» **Extracted data entries**:
lemma sweepR_phase:
  assumes I: "sim_inv k j L R T" and mr: "prefix_run k j = (q, tp, hh)"
      and dl: "delta M q (tp hh) = (qq, b, d)"
    and E: "E = R + (if d = Rgt \<and> hh + 1 = R then 1 else 0)"
  shows "(sim_step M ^^ nat (E - L)) (step_start q, T, L) =
     (sweepR_state q hh qq d (time_before k + j) E,
      \<lambda>i. if L \<le> i \<and> i < E then fst (snd (sim_delta M (sweepR_state q hh qq d (time_before k + j) i) (T i))) else T i, E)"
proof -
  let ?s = "time_before k + j"
  let ?D = "sweepR_state q hh qq d ?s"
  note ID = sim_invD[OF I mr]
  have EL: "L + int (nat (E - L)) = E" using ID E by auto
  have DL: "?D L = step_start q" using ID by (auto simp: sweepR_state_def)
  have ob: "fst (sim_delta M (?D p) (T p)) = ?D (p+1) \<and> snd (snd (sim_delta M (?D p) (T p))) = Rgt
       \<and> ?D p \<noteq> Accept \<and> ?D p \<noteq> Reject" if p: "L \<le> p" "p < L + int (nat (E - L))" for p
  proof -
    have pE: "p < E" using p EL by simp
    have f: "(cell_head (T p) \<longleftrightarrow> p = hh) \<and> (p = hh \<longrightarrow> cell_sym (T p) = tp hh) \<and>
        (cell_input (T p) \<noteq> 0 \<longleftrightarrow> 0 \<le> p \<and> p < int (length w)) \<and> (cell_spent (T p) \<longleftrightarrow> 0 \<le> p \<and> p < int ?s)
        \<and> \<not> (T p = blank_cell \<and> \<not> (d = Rgt \<and> p = hh + 1))"
    proof (cases "p < R")
      case True
      then show ?thesis using ID(9)[of p] p input_code_nonzero[of p] touched_not_blank input_not_blank by auto
    next
      case False
      hence pR: "p = R" "d = Rgt" "hh + 1 = R" using pE E by (auto split: if_splits)
      have "T p = blank_cell" using ID(8)[of p] False by auto
      thus ?thesis using pR ID by (auto simp: blank_cell_fields)
    qed
    have nz: "\<not> (T p = blank_cell \<and> \<not> (d = Rgt \<and> p = hh + 1))" using f by blast
    have cell_sym: "p = hh \<Longrightarrow> delta M q (cell_sym (T p)) = (qq, b, d)" using f dl by auto
    have tr: "sim_delta M (?D p) (T p) = (fst (sweepR_cell M q (hh < p) (if hh < p
        then qq else 0) (d = Rgt \<and> p = hh + 1) (int ?s < p)
      (int ?s + 1 < p \<and> ?s + 1 < length w) (T p)),
          snd (sweepR_cell M q (hh < p) (if hh < p then qq else 0) (d = Rgt \<and> p = hh + 1) (int ?s < p)
      (int ?s + 1 < p \<and> ?s + 1 < length w) (T p)), Rgt)"
      unfolding sweepR_state_def using nz by (simp only: sim_delta.simps if_False)
    have h1: "cell_head (T p) = (p = hh)" using f by blast
    have h2: "(cell_input (T p) \<noteq> 0) = (0 \<le> p \<and> p < int (length w))" using f by blast
    have h3: "cell_spent (T p) = (0 \<le> p \<and> p < int ?s)" using f by blast
    have sm: "int ?s < int (length w)" using ID(2) by simp
    have c1: "(hh < p \<or> cell_head (T p)) = (hh < p + 1)" unfolding h1 by arith
    have c2: "(if \<not> hh < p \<and> cell_head (T p)
        then fst (delta M q (cell_sym (T p))) else (if hh < p then qq else 0))
         = (if hh < p + 1 then qq else 0)"
    proof (cases "p = hh")
      case True thus ?thesis using cell_sym h1 by simp
    next
      case False thus ?thesis using h1 by auto
    qed
    have c3: "(\<not> hh < p \<and> cell_head (T p) \<and> snd (snd (delta M q (cell_sym (T p)))) = Rgt) = (d = Rgt
        \<and> p + 1 = hh + 1)"
    proof (cases "p = hh")
      case True thus ?thesis using cell_sym h1 by simp
    next
      case False thus ?thesis using h1 by auto
    qed
    have c4: "(int ?s < p \<or> (cell_input (T p) \<noteq> 0 \<and> \<not> cell_spent (T p))) = (int ?s < p + 1)"
      unfolding h2 h3 using sm by arith
    have c5: "((int ?s + 1 < p \<and> ?s + 1 < length w) \<or> (cell_input (T p) \<noteq> 0
        \<and> \<not> cell_spent (T p) \<and> int ?s < p))
        = (int ?s + 1 < p + 1 \<and> ?s + 1 < length w)"
      unfolding h2 h3 using sm by arith
    show ?thesis unfolding tr fst_conv snd_conv sweepR_cell_state c1 c2 c3 c4 c5
      by (simp add: sweepR_state_def)
  qed
  show ?thesis
    using sweepR_run[of L "nat (E - L)" M ?D T, OF ob] DL EL by simp
qed

lemma sweepR_phase_tape:
  assumes I: "sim_inv k j L R T" and mr: "prefix_run k j = (q, tp, hh)"
      and dl: "delta M q (tp hh) = (qq, b, d)"
    and E: "E = R + (if d = Rgt \<and> hh + 1 = R then 1 else 0)"
    and T1: "T1 = (\<lambda>i. if L \<le> i \<and> i < E
        then fst (snd (sim_delta M (sweepR_state q hh qq d (time_before k + j) i) (T i))) else T i)"
  shows "\<And>i. (i < L \<or> E \<le> i) \<Longrightarrow> T1 i = blank_cell"
    and "\<And>i. L \<le> i \<Longrightarrow> i < E \<Longrightarrow> cell_input (T1 i) = input_code i \<and> cell_sym (T1 i) = (tp(hh := b)) i
        \<and> (cell_head (T1 i) \<longleftrightarrow> (i = hh \<and> d \<noteq> Rgt) \<or> (i = hh + 1 \<and> d = Rgt))
        \<and> (cell_left (T1 i) \<longleftrightarrow> i = hh \<and> d = Lft) \<and> (cell_spent (T1 i) \<longleftrightarrow> 0 \<le> i
            \<and> i < int (time_before k + j) + 1)
        \<and> (cell_origin (T1 i) \<longleftrightarrow> i = 0) \<and> (cell_in_prefix (T1 i) \<longleftrightarrow> 0 \<le> i \<and> i < int k)
            \<and> cell_touched (T1 i)"
proof -
  let ?s = "time_before k + j"
  note ID = sim_invD[OF I mr]
  show "\<And>i. (i < L \<or> E \<le> i) \<Longrightarrow> T1 i = blank_cell"
    using ID(8) E unfolding T1 by (auto split: if_splits)
  fix i assume i: "L \<le> i" "i < E"
  have f: "(cell_head (T i) \<longleftrightarrow> i = hh) \<and> cell_sym (T i) = tp i \<and> cell_input (T i) = input_code i \<and>
        (cell_spent (T i) \<longleftrightarrow> 0 \<le> i \<and> i < int ?s) \<and> \<not> cell_left (T i) \<and> (cell_origin (T i) \<longleftrightarrow> i = 0)
        \<and> (cell_in_prefix (T i) \<longleftrightarrow> 0 \<le> i \<and> i < int k)
        \<and> \<not> (T i = blank_cell \<and> \<not> (d = Rgt \<and> i = hh + 1))"
  proof (cases "i < R")
    case True
    then show ?thesis using ID(9)[of i] i touched_not_blank input_not_blank by auto
  next
    case False
    hence pR: "i = R" "d = Rgt" "hh + 1 = R" using i E by (auto split: if_splits)
    have "T i = blank_cell" "tp i = 0" using ID(8)[of i] False by auto
    moreover have "int k \<le> R" using time_before_ge[of k] ID(2,4) by linarith
    ultimately show ?thesis using pR ID by (auto simp: blank_cell_fields input_code_def)
  qed
  have h1: "cell_head (T i) = (i = hh)" and h2: "cell_sym (T i) = tp i"
      and h3: "cell_input (T i) = input_code i"
    and h4: "cell_spent (T i) = (0 \<le> i \<and> i < int ?s)" and h5: "\<not> cell_left (T i)"
        and h6: "cell_origin (T i) = (i = 0)"
    and h7: "cell_in_prefix (T i) = (0 \<le> i \<and> i < int k)" and nz: "\<not> (T i = blank_cell
        \<and> \<not> (d = Rgt \<and> i = hh + 1))"
    using f by blast+
  have sm: "int ?s < int (length w)" using ID(2) by simp
  have T1i: "T1 i = snd (sweepR_cell M q (hh < i) (if hh < i
      then qq else 0) (d = Rgt \<and> i = hh + 1) (int ?s < i)
      (int ?s + 1 < i \<and> ?s + 1 < length w) (T i))"
    unfolding T1 sweepR_state_def using i nz by (simp only: sim_delta.simps if_False if_True) simp
  have dl': "delta M q (cell_sym (T i)) = (if i = hh then (qq, b, d) else delta M q (tp i))"
    using dl h2 by simp
  obtain qx bx dx where dx: "delta M q (cell_sym (T i)) = (qx, bx, dx)"
      by (cases "delta M q (cell_sym (T i))") auto
  have dxe: "i = hh \<Longrightarrow> qx = qq \<and> bx = b \<and> dx = d" using dx dl' by simp
  note rsn = sweepR_cell_cell[OF dx, of "hh < i" "if hh < i then qq else 0" "d = Rgt
      \<and> i = hh + 1" "int ?s < i"
      "int ?s + 1 < i \<and> ?s + 1 < length w"]
  have inpnz: "(input_code i \<noteq> 0) = (0 \<le> i \<and> i < int (length w))" by (rule input_code_nonzero)
  show "cell_input (T1 i) = input_code i \<and> cell_sym (T1 i) = (tp(hh := b)) i
        \<and> (cell_head (T1 i) \<longleftrightarrow> (i = hh \<and> d \<noteq> Rgt) \<or> (i = hh + 1 \<and> d = Rgt))
        \<and> (cell_left (T1 i) \<longleftrightarrow> i = hh \<and> d = Lft) \<and> (cell_spent (T1 i) \<longleftrightarrow> 0 \<le> i
            \<and> i < int (time_before k + j) + 1)
        \<and> (cell_origin (T1 i) \<longleftrightarrow> i = 0) \<and> (cell_in_prefix (T1 i) \<longleftrightarrow> 0 \<le> i \<and> i < int k)
            \<and> cell_touched (T1 i)"
  proof (intro conjI)
    show "cell_input (T1 i) = input_code i" unfolding T1i rsn h3 ..
    show "cell_sym (T1 i) = (tp(hh := b)) i" unfolding T1i rsn h1 h2 using dxe by auto
    show "cell_head (T1 i) \<longleftrightarrow> (i = hh \<and> d \<noteq> Rgt) \<or> (i = hh + 1 \<and> d = Rgt)"
      unfolding T1i rsn h1 using dxe by auto
    show "cell_left (T1 i) \<longleftrightarrow> i = hh \<and> d = Lft" unfolding T1i rsn h1 using dxe h5 by auto
    show "cell_spent (T1 i) \<longleftrightarrow> 0 \<le> i \<and> i < int (time_before k + j) + 1"
      unfolding T1i rsn h4 h3 inpnz using sm by arith
    show "cell_origin (T1 i) \<longleftrightarrow> i = 0" unfolding T1i rsn h6 ..
    show "cell_in_prefix (T1 i) \<longleftrightarrow> 0 \<le> i \<and> i < int k" unfolding T1i rsn h7 ..
    show "cell_touched (T1 i)" unfolding T1i rsn by simp
  qed
qed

» **What the exercise asks**:
A complete answer reproduces every line of the records in which the word "blast" occurs.

» **Exercise answer**:
    have nz: "\<not> (T p = blank_cell \<and> \<not> (d = Rgt \<and> p = hh + 1))" using f by blast
    have h1: "cell_head (T p) = (p = hh)" using f by blast
    have h2: "(cell_input (T p) \<noteq> 0) = (0 \<le> p \<and> p < int (length w))" using f by blast
    have h3: "cell_spent (T p) = (0 \<le> p \<and> p < int ?s)" using f by blast
    using f by blast+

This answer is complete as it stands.